[Working data]
lemma scalar_hom_socle:
  fixes k :: int
  defines "\<sigma> \<equiv> br_mul (\<lambda>_. k) (\<lambda>_. k) (\<lambda>_. k)"
  assumes hom: "\<forall>x\<in>Car. \<forall>y\<in>Car. \<sigma> (circ x y) = circ (\<sigma> x) (\<sigma> y)"
    and surj: "\<forall>y\<in>Car. \<exists>x\<in>Car. \<sigma> x = y"
  shows "\<forall>j\<in>IA. coprime k (int (NA j)) \<and> int (NA j) dvd int (EA j) * (k - 1)"
    and "\<forall>j\<in>IC. coprime k (int (NB j)) \<and> int (NB j) dvd int (EB j) * (k - 1)"
proof -
  have z: "(\<lambda>_. 0) \<in> TA" "(\<lambda>_. 0) \<in> TB" "(\<lambda>_. 0) \<in> TC"
    using tup_zero_closed NA_pos NB_pos by blast+
  have zero_ops: "tup_add IB NB (\<lambda>_. 0) (\<lambda>_. 0) = (\<lambda>_. 0)" "tup_circ I N E (\<lambda>_. 0) (\<lambda>_. 0) = (\<lambda>_. 0)"
    for I N E
    by (auto simp: tup_add_def tup_circ_def)
  show "\<forall>j\<in>IA. coprime k (int (NA j)) \<and> int (NA j) dvd int (EA j) * (k - 1)"
  proof
    fix j assume j: "j \<in> IA"
    have e: "emb j 1 \<in> TA"
      using emb_closed NA_pos NA_gt1 j by simp
    have unit: "coprime k (int (NA j))"
      using tup_scalar_surj_coprime scalar_surj_components(1) surj NA_gt1 j unfolding \<sigma>_def by blast
    have "\<sigma> (circ (emb j 1, \<lambda>_. 0, \<lambda>_. 0) (emb j 1, \<lambda>_. 0, \<lambda>_. 0))
        = circ (\<sigma> (emb j 1, \<lambda>_. 0, \<lambda>_. 0)) (\<sigma> (emb j 1, \<lambda>_. 0, \<lambda>_. 0))"
      by (rule hom[rule_format]) (use e z in simp_all)
    then have "tup_mul IA NA (\<lambda>_. k) (tup_circ IA NA EA (emb j 1) (emb j 1))
        = tup_circ IA NA EA (tup_mul IA NA (\<lambda>_. k) (emb j 1)) (tup_mul IA NA (\<lambda>_. k) (emb j 1))"
      unfolding \<sigma>_def by simp
    then show "coprime k (int (NA j)) \<and> int (NA j) dvd int (EA j) * (k - 1)"
      using tup_scalar_circ_hom_dvd[of j IA k NA EA] j unit by blast
  qed
  show "\<forall>j\<in>IC. coprime k (int (NB j)) \<and> int (NB j) dvd int (EB j) * (k - 1)"
  proof
    fix j assume j: "j \<in> IC"
    have e: "emb j 1 \<in> TC"
      using emb_closed NB_pos NB_gt1_C j by simp
    have unit: "coprime k (int (NB j))"
      using tup_scalar_surj_coprime scalar_surj_components(3) surj NB_gt1_C j unfolding \<sigma>_def by blast
    have "\<sigma> (circ (\<lambda>_. 0, \<lambda>_. 0, emb j 1) (\<lambda>_. 0, \<lambda>_. 0, emb j 1))
        = circ (\<sigma> (\<lambda>_. 0, \<lambda>_. 0, emb j 1)) (\<sigma> (\<lambda>_. 0, \<lambda>_. 0, emb j 1))"
      by (rule hom[rule_format]) (use e z in simp_all)
    then have "tup_mul IC NB (\<lambda>_. k) (tup_circ IC NB EB (emb j 1) (emb j 1))
        = tup_circ IC NB EB (tup_mul IC NB (\<lambda>_. k) (emb j 1)) (tup_mul IC NB (\<lambda>_. k) (emb j 1))"
      unfolding \<sigma>_def by simp
    then show "coprime k (int (NB j)) \<and> int (NB j) dvd int (EB j) * (k - 1)"
      using tup_scalar_circ_hom_dvd[of j IC k NB EB] j unit by blast
  qed
qed

text \<open>Comparing \<open>\<sigma>(e\<^sub>j \<circ> z) = \<sigma>(e\<^sub>j) \<circ> \<sigma>(z)\<close> for \<open>z\<close> in the \<open>B\<close>-part shows that \<open>\<alpha>(e\<^sub>j)\<close>
  and \<open>\<alpha>(k e\<^sub>j)\<close> agree; as \<open>k e\<^sub>j = e\<^sub>j \<circ> s e\<^sub>j\<close> with \<open>s = k - 1\<close> in the socle, \<open>s e\<^sub>j\<close> acts trivially.\<close>

lemma scalar_hom_kernel:
  fixes k :: int
  defines "\<sigma> \<equiv> br_mul (\<lambda>_. k) (\<lambda>_. k) (\<lambda>_. k)"
  assumes hom: "\<forall>x\<in>Car. \<forall>y\<in>Car. \<sigma> (circ x y) = circ (\<sigma> x) (\<sigma> y)"
    and surj: "\<forall>y\<in>Car. \<exists>x\<in>Car. \<sigma> x = y"
    and "j \<in> IC" "z \<in> TB"
  shows "\<alpha> (emb j ((k - 1) mod int (NB j))) z = z"
proof -
  have z0: "(\<lambda>_. 0) \<in> TA" "(\<lambda>_. 0) \<in> TB" "(\<lambda>_. 0) \<in> TC"
    using tup_zero_closed NA_pos NB_pos by blast+
  have N: "NB j > 1"
    using NB_gt1_C \<open>j \<in> IC\<close> by blast
  define s where "s = (k - 1) mod int (NB j)"
  have e: "emb j 1 \<in> TC" and es: "emb j s \<in> TC"
    using emb_closed NB_pos N \<open>j \<in> IC\<close> by (simp_all add: s_def)
  have ke: "emb j 1 \<in> TC \<Longrightarrow> tup_mul IC NB (\<lambda>_. k) (emb j 1) \<in> TC"
    using tup_mul_closed NB_pos by blast
  have "int (NB j) dvd int (EB j) * (k - 1)"
    using scalar_hom_socle(2)[OF hom[unfolded \<sigma>_def] surj[unfolded \<sigma>_def]] \<open>j \<in> IC\<close> by blast
  then have "s \<in> soc1 (NB j) (EB j)"
    using socle_factor(1)[OF N] unfolding s_def by blast
  then obtain l where l: "int (EB j) * s = int (NB j) * l"
    using soc1_iff[OF N] by (auto elim: dvdE)
  have "(1 + s + int (EB j) * 1 * s) mod int (NB j) = (k * 1) mod int (NB j)"
    using l unfolding s_def by (simp add: mod_simps)
  then have k_emb: "tup_mul IC NB (\<lambda>_. k) (emb j 1) = tup_circ IC NB EB (emb j 1) (emb j s)"
    using tup_mul_emb tup_circ_emb \<open>j \<in> IC\<close> by metis
  have shift: "\<alpha> (emb j 1) (tup_mul IB NB (\<lambda>_. k) y) = \<alpha> (emb j 1) (\<alpha> (emb j s) (tup_mul IB NB (\<lambda>_. k) y))"
    if y: "y \<in> TB" for y
  proof -
    have "\<sigma> (circ (\<lambda>_. 0, \<lambda>_. 0, emb j 1) (\<lambda>_. 0, y, \<lambda>_. 0))
        = circ (\<sigma> (\<lambda>_. 0, \<lambda>_. 0, emb j 1)) (\<sigma> (\<lambda>_. 0, y, \<lambda>_. 0))"
      by (rule hom[rule_format]) (use e y z0 in simp_all)
    then have "tup_mul IB NB (\<lambda>_. k) (\<alpha> (emb j 1) y) = \<alpha> (tup_mul IC NB (\<lambda>_. k) (emb j 1)) (tup_mul IB NB (\<lambda>_. k) y)"
      unfolding \<sigma>_def using \<alpha>_zero z0 y e \<alpha>_closed tup_zero_add tup_mul_closed NB_pos by simp
    then show ?thesis
      using \<alpha>_tup_mul[OF e y] k_emb \<alpha>_circ[OF e es] tup_mul_closed NB_pos by simp
  qed
  obtain y where "y \<in> TB" "tup_mul IB NB (\<lambda>_. k) y = z"
    using scalar_surj_components(2)[OF surj[unfolded \<sigma>_def]] \<open>z \<in> TB\<close> by blast
  then have "\<alpha> (emb j 1) z = \<alpha> (emb j 1) (\<alpha> (emb j s) z)"
    using shift by blast
  then show ?thesis
    using \<alpha>_inj[OF e] \<alpha>_closed[OF es] \<open>z \<in> TB\<close> unfolding inj_on_def s_def by metis
qed

lemma brace_aut_eq_scalar:
  assumes aut: "brace_aut \<phi>"
  obtains k where "\<forall>x\<in>Car. \<phi> x = br_mul (\<lambda>_. k) (\<lambda>_. k) (\<lambda>_. k) x"
    "\<forall>x\<in>Car. \<forall>y\<in>Car. br_mul (\<lambda>_. k) (\<lambda>_. k) (\<lambda>_. k) (circ x y)
       = circ (br_mul (\<lambda>_. k) (\<lambda>_. k) (\<lambda>_. k) x) (br_mul (\<lambda>_. k) (\<lambda>_. k) (\<lambda>_. k) y)"
    "\<forall>y\<in>Car. \<exists>x\<in>Car. br_mul (\<lambda>_. k) (\<lambda>_. k) (\<lambda>_. k) x = y"
proof -
  have closed: "\<forall>x\<in>Car. \<phi> x \<in> Car"
    using aut brace_aut_closed by blast
  obtain k where k: "\<forall>x\<in>Car. \<phi> x = br_mul (\<lambda>_. k) (\<lambda>_. k) (\<lambda>_. k) x"
    using additive_eq_scalar[OF closed] aut unfolding brace_aut_def by blast
  have "\<phi> (circ x y) = circ (\<phi> x) (\<phi> y)" if "x \<in> Car" "y \<in> Car" for x y
    using aut that unfolding brace_aut_def by blast
  then have "\<forall>x\<in>Car. \<forall>y\<in>Car. br_mul (\<lambda>_. k) (\<lambda>_. k) (\<lambda>_. k) (circ x y)
       = circ (br_mul (\<lambda>_. k) (\<lambda>_. k) (\<lambda>_. k) x) (br_mul (\<lambda>_. k) (\<lambda>_. k) (\<lambda>_. k) y)"
    using k circ_closed by (metis (no_types, lifting))
  moreover have "\<forall>y\<in>Car. \<exists>x\<in>Car. br_mul (\<lambda>_. k) (\<lambda>_. k) (\<lambda>_. k) x = y"
    using aut k unfolding brace_aut_def bij_betw_def by (metis (no_types, lifting) imageE)
  ultimately show ?thesis
    using that k by blast
qed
[/Working data]
Activity | Each line above that holds the string "then" should be copied and shown.

Problem solution |
    then have "tup_mul IA NA (\<lambda>_. k) (tup_circ IA NA EA (emb j 1) (emb j 1))
    then show "coprime k (int (NA j)) \<and> int (NA j) dvd int (EA j) * (k - 1)"
    then have "tup_mul IC NB (\<lambda>_. k) (tup_circ IC NB EB (emb j 1) (emb j 1))
    then show "coprime k (int (NB j)) \<and> int (NB j) dvd int (EB j) * (k - 1)"
  then have "s \<in> soc1 (NB j) (EB j)"
  then obtain l where l: "int (EB j) * s = int (NB j) * l"
  then have k_emb: "tup_mul IC NB (\<lambda>_. k) (emb j 1) = tup_circ IC NB EB (emb j 1) (emb j s)"
    then have "tup_mul IB NB (\<lambda>_. k) (\<alpha> (emb j 1) y) = \<alpha> (tup_mul IC NB (\<lambda>_. k) (emb j 1)) (tup_mul IB NB (\<lambda>_. k) y)"
    then show ?thesis
  then have "\<alpha> (emb j 1) z = \<alpha> (emb j 1) (\<alpha> (emb j s) z)"
  then show ?thesis
  then have "\<forall>x\<in>Car. \<forall>y\<in>Car. br_mul (\<lambda>_. k) (\<lambda>_. k) (\<lambda>_. k) (circ x y)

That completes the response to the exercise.